The main program reads the configuration file and downloads each song in turn:

from config import artists, albums

def download_all_music():
    for artist in artists:
        songs = get_all_songs(artist)
        for song in songs:
            if song['download_link']:
                file_name = f"{song['title']} - {song['singer']}.mp3"
                save_path = os.path.join(music_folder, file_name)
                if download_music(song['download_link'], save_path):
                    print(f"Download successful: {file_name}")
                else:
                    print(f"Download failed: {file_name}")

download_all_music()

Optimization and Expansion: From Basic to Advanced

After implementing the basic functionality, I began optimizing and expanding the tool.
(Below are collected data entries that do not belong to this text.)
(* Let $Q$ be a right Leibniz algebra over $\mathbb{F}$, $L$ a subalgebra of $Q$, and $q\in Q$. Then $(L:q)$ is an ideal of $L$. Moreover, it is maximal among the ideals $I$ of $L$ such that $[I,q]\subseteq L$ and $[q,I]\subseteq L$, in the sense that every ideal $I$ of $L$ with $[I,q]\subseteq L$ and $[q,I]\subseteq L$ is contained in $(L:q)$.
   Context: A right Leibniz algebra satisfies $[x,[y,z]]=[[x,y],z]-[[x,z],y]$. Ideals of $L$: subspaces $I$ with $[I,L]\subseteq I$, $[L,I]\subseteq I$. For $x\in L$ let $R_x(u)=[u,x]$, $L_x(u)=[x,u]$ as operators on $Q$, and $\mathscr{A}(L)$ the associative algebra generated by $\{R_x,L_y:x,y\in L\}$. ${}_L(q)=\mathbb{F}q+\{\sum_{i=1}^n\xi_i(q):\xi_i\in\mathscr{A}(L),n\in\mathbb{N}\}$, and $(L:q)=\{x\in L:[x,{}_L(q)]\subseteq L,\ [{}_L(q),x]\subseteq L\}$. *)

theory Defs
  imports Complex_Main
begin

definition right_leibniz_algebra ::
  "('k::field \<Rightarrow> 'v::ab_group_add \<Rightarrow> 'v) \<Rightarrow> ('v \<Rightarrow> 'v \<Rightarrow> 'v) \<Rightarrow> bool" where
  "right_leibniz_algebra scale br \<longleftrightarrow>
     vector_space scale \<and>
     (\<forall>x y z. br (x + y) z = br x z + br y z) \<and>
     (\<forall>x y z. br x (y + z) = br x y + br x z) \<and>
     (\<forall>c x y. br (scale c x) y = scale c (br x y)) \<and>
     (\<forall>c x y. br x (scale c y) = scale c (br x y)) \<and>
     (\<forall>x y z. br x (br y z) = br (br x y) z - br (br x z) y)"

definition subalgebra ::
  "('k::field \<Rightarrow> 'v::ab_group_add \<Rightarrow> 'v) \<Rightarrow> ('v \<Rightarrow> 'v \<Rightarrow> 'v) \<Rightarrow> 'v set \<Rightarrow> bool" where
  "subalgebra scale br L \<longleftrightarrow> module.subspace scale L \<and> (\<forall>x\<in>L. \<forall>y\<in>L. br x y \<in> L)"

definition leibniz_ideal ::
  "('k::field \<Rightarrow> 'v::ab_group_add \<Rightarrow> 'v) \<Rightarrow> ('v \<Rightarrow> 'v \<Rightarrow> 'v) \<Rightarrow> 'v set \<Rightarrow> 'v set \<Rightarrow> bool" where
  "leibniz_ideal scale br L I \<longleftrightarrow> module.subspace scale I \<and> I \<subseteq> L \<and>
     (\<forall>x\<in>I. \<forall>y\<in>L. br x y \<in> I \<and> br y x \<in> I)"

inductive_set opalg ::
  "('k::field \<Rightarrow> 'v::ab_group_add \<Rightarrow> 'v) \<Rightarrow> ('v \<Rightarrow> 'v \<Rightarrow> 'v) \<Rightarrow> 'v set \<Rightarrow> ('v \<Rightarrow> 'v) set"
  for scale br L where
  right_mult: "x \<in> L \<Longrightarrow> (\<lambda>u. br u x) \<in> opalg scale br L"
| left_mult: "y \<in> L \<Longrightarrow> (\<lambda>u. br y u) \<in> opalg scale br L"
| comp: "f \<in> opalg scale br L \<Longrightarrow> g \<in> opalg scale br L \<Longrightarrow> f \<circ> g \<in> opalg scale br L"
| add: "f \<in> opalg scale br L \<Longrightarrow> g \<in> opalg scale br L \<Longrightarrow> (\<lambda>u. f u + g u) \<in> opalg scale br L"
| smult: "f \<in> opalg scale br L \<Longrightarrow> (\<lambda>u. scale c (f u)) \<in> opalg scale br L"

definition leibniz_gen_set ::
  "('k::field \<Rightarrow> 'v::ab_group_add \<Rightarrow> 'v) \<Rightarrow> ('v \<Rightarrow> 'v \<Rightarrow> 'v) \<Rightarrow> 'v set \<Rightarrow> 'v \<Rightarrow> 'v set" where
  "leibniz_gen_set scale br L q = {scale c q + (\<Sum>i<n. \<xi> i q) | c (n::nat) \<xi>. \<forall>i<n. \<xi> i \<in> opalg scale br L}"

definition colon ::
  "('k::field \<Rightarrow> 'v::ab_group_add \<Rightarrow> 'v) \<Rightarrow> ('v \<Rightarrow> 'v \<Rightarrow> 'v) \<Rightarrow> 'v set \<Rightarrow> 'v \<Rightarrow> 'v set" where
  "colon scale br L q = {x \<in> L. \<forall>z \<in> leibniz_gen_set scale br L q. br x z \<in> L \<and> br z x \<in> L}"

end

theory Submission
  imports Defs
begin

text \<open>Write \<open>T(S)\<close> for the set of \<open>w\<close> with \<open>[S,w] \<subseteq> L\<close> and \<open>[w,S] \<subseteq> L\<close>, so that
  \<open>(L:q) = L \<inter> T(\<^sub>L(q))\<close>. The Leibniz identity shows that \<open>T(S)\<close> is stable under
  bracketing with \<open>L\<close> whenever \<open>S\<close> is. Applied to \<open>S = \<^sub>L(q)\<close>, which is stable by
  construction, this makes \<open>(L:q)\<close> an ideal. Applied to an ideal \<open>I\<close> with \<open>q \<in> T(I)\<close>,
  it makes \<open>T(I)\<close> a subspace containing \<open>q\<close> and stable under every operator of
  \<open>\<A>(L)\<close>, hence \<open>\<^sub>L(q) \<subseteq> T(I)\<close>, which by symmetry of \<open>T\<close> is \<open>I \<subseteq> (L:q)\<close>.\<close>

definition transporter :: "('v \<Rightarrow> 'v \<Rightarrow> 'v) \<Rightarrow> 'v set \<Rightarrow> 'v set \<Rightarrow> 'v set" where
  "transporter br L S = {w. \<forall>x\<in>S. br x w \<in> L \<and> br w x \<in> L}"

definition bracket_stable :: "('v \<Rightarrow> 'v \<Rightarrow> 'v) \<Rightarrow> 'v set \<Rightarrow> 'v set \<Rightarrow> bool" where
  "bracket_stable br L S \<longleftrightarrow> (\<forall>w\<in>S. \<forall>y\<in>L. br w y \<in> S \<and> br y w \<in> S)"

lemma subset_transporter_iff: "S \<subseteq> transporter br L T \<longleftrightarrow> T \<subseteq> transporter br L S"
  unfolding transporter_def by blast

lemma colon_eq_transporter:
  "colon scale br L q = L \<inter> transporter br L (leibniz_gen_set scale br L q)"
  unfolding colon_def transporter_def by blast

lemma leibniz_ideal_iff:
  "leibniz_ideal scale br L I \<longleftrightarrow> module.subspace scale I \<and> I \<subseteq> L \<and> bracket_stable br L I"
  unfolding leibniz_ideal_def bracket_stable_def by blast

locale right_leibniz =
  fixes scale :: "'k::field \<Rightarrow> 'v::ab_group_add \<Rightarrow> 'v"
    and br :: "'v \<Rightarrow> 'v \<Rightarrow> 'v"
  assumes right_leibniz_algebra: "right_leibniz_algebra scale br"
begin

sublocale module scale
  using right_leibniz_algebra module_iff_vector_space
  unfolding right_leibniz_algebra_def by blast

lemma br_add_left: "br (x + y) z = br x z + br y z"
  and br_add_right: "br x (y + z) = br x y + br x z"
  and br_scale_left: "br (scale c x) y = scale c (br x y)"
  and br_scale_right: "br x (scale c y) = scale c (br x y)"
  and br_br_right: "br x (br y z) = br (br x y) z - br (br x z) y"
  using right_leibniz_algebra unfolding right_leibniz_algebra_def by blast+

lemma br_br_left: "br (br x y) z = br x (br y z) + br (br x z) y"
  using br_br_right[of x y z] by (simp add: algebra_simps)

lemma br_zero_left [simp]: "br 0 z = 0"
  using br_add_left[of 0 0 z] by simp

lemma br_zero_right [simp]: "br z 0 = 0"
  using br_add_right[of z 0 0] by simp

lemma subspace_transporter:
  assumes "subspace L"
  shows "subspace (transporter br L S)"
  unfolding subspace_def transporter_def
  using subspace_0[OF assms] subspace_add[OF assms] subspace_scale[OF assms]
  by (simp add: br_add_left br_add_right br_scale_left br_scale_right)

lemma opalg_preserves:
  assumes "f \<in> opalg scale br L" "subspace S" "bracket_stable br L S" "w \<in> S"
  shows "f w \<in> S"
  using assms
proof (induction arbitrary: w)
  case (add f g)
  then show ?case by (simp add: subspace_add)
next
  case (smult f c)
  then show ?case by (simp add: subspace_scale)
qed (auto simp: bracket_stable_def)

lemma leibniz_gen_set_least:
  assumes "subspace S" "bracket_stable br L S" "q \<in> S"
  shows "leibniz_gen_set scale br L q \<subseteq> S"
proof
  fix z assume "z \<in> leibniz_gen_set scale br L q"
  then obtain c and n :: nat and \<xi> where z: "z = scale c q + (\<Sum>i<n. \<xi> i q)"
    and \<xi>: "\<forall>i<n. \<xi> i \<in> opalg scale br L"
    unfolding leibniz_gen_set_def by blast
  have "(\<Sum>i<n. \<xi> i q) \<in> S"
    using \<xi> opalg_preserves[OF _ assms] by (intro subspace_sum[OF assms(1)]) auto
  then show "z \<in> S"
    unfolding z using assms by (intro subspace_add subspace_scale)
qed

lemma opalg_module_hom: "f \<in> opalg scale br L \<Longrightarrow> module_hom scale scale f"
proof (induction rule: opalg.induct)
  case (comp f g)
  then show ?case by (blast intro: module_hom_compose)
qed (auto simp: module_hom_iff module_axioms br_add_left br_add_right br_scale_left
    br_scale_right scale_right_distrib mult.commute)

text \<open>By linearity, \<open>f (c q + \<Sum>i<n. \<xi> i q) = 0 q + \<Sum>i<n+1. \<eta> i q\<close> where
  \<open>\<eta> i = f \<circ> \<xi> i\<close> for \<open>i < n\<close> and \<open>\<eta> n = c f\<close>.\<close>
lemma opalg_image_leibniz_gen_set:
  assumes f: "f \<in> opalg scale br L" and z: "z \<in> leibniz_gen_set scale br L q"
  shows "f z \<in> leibniz_gen_set scale br L q"
proof -
  obtain c and n :: nat and \<xi> where z: "z = scale c q + (\<Sum>i<n. \<xi> i q)"
    and \<xi>: "\<forall>i<n. \<xi> i \<in> opalg scale br L"
    using z unfolding leibniz_gen_set_def by blast
  interpret f: module_hom scale scale f
    using f by (rule opalg_module_hom)
  define \<eta> where "\<eta> i = (if i < n then f \<circ> \<xi> i else (\<lambda>u. scale c (f u)))" for i
  have "\<forall>i<Suc n. \<eta> i \<in> opalg scale br L"
    using \<xi> f by (auto simp: \<eta>_def less_Suc_eq intro: opalg.comp opalg.smult)
  moreover have "f z = scale 0 q + (\<Sum>i<Suc n. \<eta> i q)"
    by (simp add: z f.add f.scale f.sum \<eta>_def add.commute)
  ultimately show ?thesis
    unfolding leibniz_gen_set_def by blast
qed

lemma bracket_stable_leibniz_gen_set: "bracket_stable br L (leibniz_gen_set scale br L q)"
  unfolding bracket_stable_def
  using opalg_image_leibniz_gen_set[OF opalg.right_mult] opalg_image_leibniz_gen_set[OF opalg.left_mult]
  by blast

end

locale right_leibniz_subalgebra = right_leibniz +
  fixes L
  assumes subalgebra: "subalgebra scale br L"
begin

lemma subspace_L: "subspace L"
  and br_closed: "x \<in> L \<Longrightarrow> y \<in> L \<Longrightarrow> br x y \<in> L"
  using subalgebra unfolding subalgebra_def by blast+

lemma transporter_bracket_stable:
  assumes S: "bracket_stable br L S"
  shows "bracket_stable br L (transporter br L S)"
  unfolding bracket_stable_def
proof (intro ballI conjI)
  fix w y assume w: "w \<in> transporter br L S" and y: "y \<in> L"
  have "br x (br w y) \<in> L \<and> br (br w y) x \<in> L \<and> br x (br y w) \<in> L \<and> br (br y w) x \<in> L"
    if x: "x \<in> S" for x
  proof -
    have "br x y \<in> S" "br y x \<in> S"
      using S x y unfolding bracket_stable_def by blast+
    then have in_L: "br x w \<in> L" "br w x \<in> L" "br (br x y) w \<in> L"
      "br w (br y x) \<in> L" "br (br y x) w \<in> L" "br (br x w) y \<in> L"
      "br (br w x) y \<in> L" "br y (br w x) \<in> L"
      using w x y br_closed unfolding transporter_def by blast+
    have "br x (br w y) = br (br x w) y - br (br x y) w"
      "br (br w y) x = br w (br y x) + br (br w x) y"
      "br x (br y w) = br (br x y) w - br (br x w) y"
      "br (br y w) x = br y (br w x) + br (br y x) w"
      by (rule br_br_right br_br_left)+
    then show ?thesis
      using in_L subspace_add[OF subspace_L] subspace_diff[OF subspace_L] by simp
  qed
  then show "br w y \<in> transporter br L S" "br y w \<in> transporter br L S"
    unfolding transporter_def by blast+
qed

lemma leibniz_ideal_colon: "leibniz_ideal scale br L (colon scale br L q)"
  unfolding leibniz_ideal_iff colon_eq_transporter
proof (intro conjI)
  let ?T = "transporter br L (leibniz_gen_set scale br L q)"
  show "subspace (L \<inter> ?T)"
    by (intro subspace_inter subspace_L subspace_transporter)
  have "bracket_stable br L ?T"
    by (intro transporter_bracket_stable bracket_stable_leibniz_gen_set)
  then show "bracket_stable br L (L \<inter> ?T)"
    unfolding bracket_stable_def using br_closed by blast
qed blast

lemma leibniz_ideal_subset_colon:
  assumes I: "leibniz_ideal scale br L I" and q: "q \<in> transporter br L I"
  shows "I \<subseteq> colon scale br L q"
proof -
  have "leibniz_gen_set scale br L q \<subseteq> transporter br L I"
    using I q
    by (intro leibniz_gen_set_least subspace_transporter subspace_L transporter_bracket_stable)
      (simp_all add: leibniz_ideal_iff)
  then show ?thesis
    using I unfolding colon_eq_transporter leibniz_ideal_iff subset_transporter_iff by blast
qed

end

theorem proposition3p1:
  fixes scale :: "'k::field \<Rightarrow> 'v::ab_group_add \<Rightarrow> 'v"
    and br :: "'v \<Rightarrow> 'v \<Rightarrow> 'v"
    and L :: "'v set" and q :: 'v
  assumes "right_leibniz_algebra scale br"
    and "subalgebra scale br L"
  shows "leibniz_ideal scale br L (colon scale br L q) \<and>
         (\<forall>I. leibniz_ideal scale br L I \<and> (\<forall>x\<in>I. br x q \<in> L \<and> br q x \<in> L)
              \<longrightarrow> I \<subseteq> colon scale br L q)"
proof -
  interpret right_leibniz_subalgebra scale br L
    using assms by unfold_locales
  show ?thesis
    using leibniz_ideal_colon leibniz_ideal_subset_colon
    unfolding transporter_def by blast
qed

end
To improve download speed, I added multi-threading support:

import concurrent.futures

def download_song(song):
    if song['download_link']:
        file_name = f"{song['title']} - {song['singer']}.mp3"
        save_path = os.path.join(music_folder, file_name)
        if download_music(song['download_link'], save_path):
            return f"Download successful: {file_name}"
        else:
            return f"Download failed: {file_name}"
    return None

def download_all_music_multithread():
    all_songs = []
    for artist in artists:
        all_songs.extend(get_all_songs(artist))
    
    with concurrent.futures.ThreadPoolExecutor(max_workers=5) as executor:
        results = list(executor.map(download_song, all_songs))
        for result in results:
            if result:
                print(result)

download_all_music_multithread()

To handle potential network issues, I added a retry mechanism:

from tenacity import retry, stop_after_attempt

@retry(stop=stop_after_attempt(3))
def download_music_with_retry(download_link, save_path):
    return download_music(download_link, save_path)

Conclusion:

By building this tool to automatically fetch music, I not only solved the cumbersome problem of manually downloading music but also learned how to efficiently handle web scraping tasks with Python. This tool allows me to easily establish my own music library and enjoy music anytime, anywhere.

As I realized during development, “Automation is not just a technology, but a way of life.” This statement made me aware that the true value of programming lies in how it changes our lives. Whether it’s fetching music or solving other daily problems, Python can become our most powerful tool.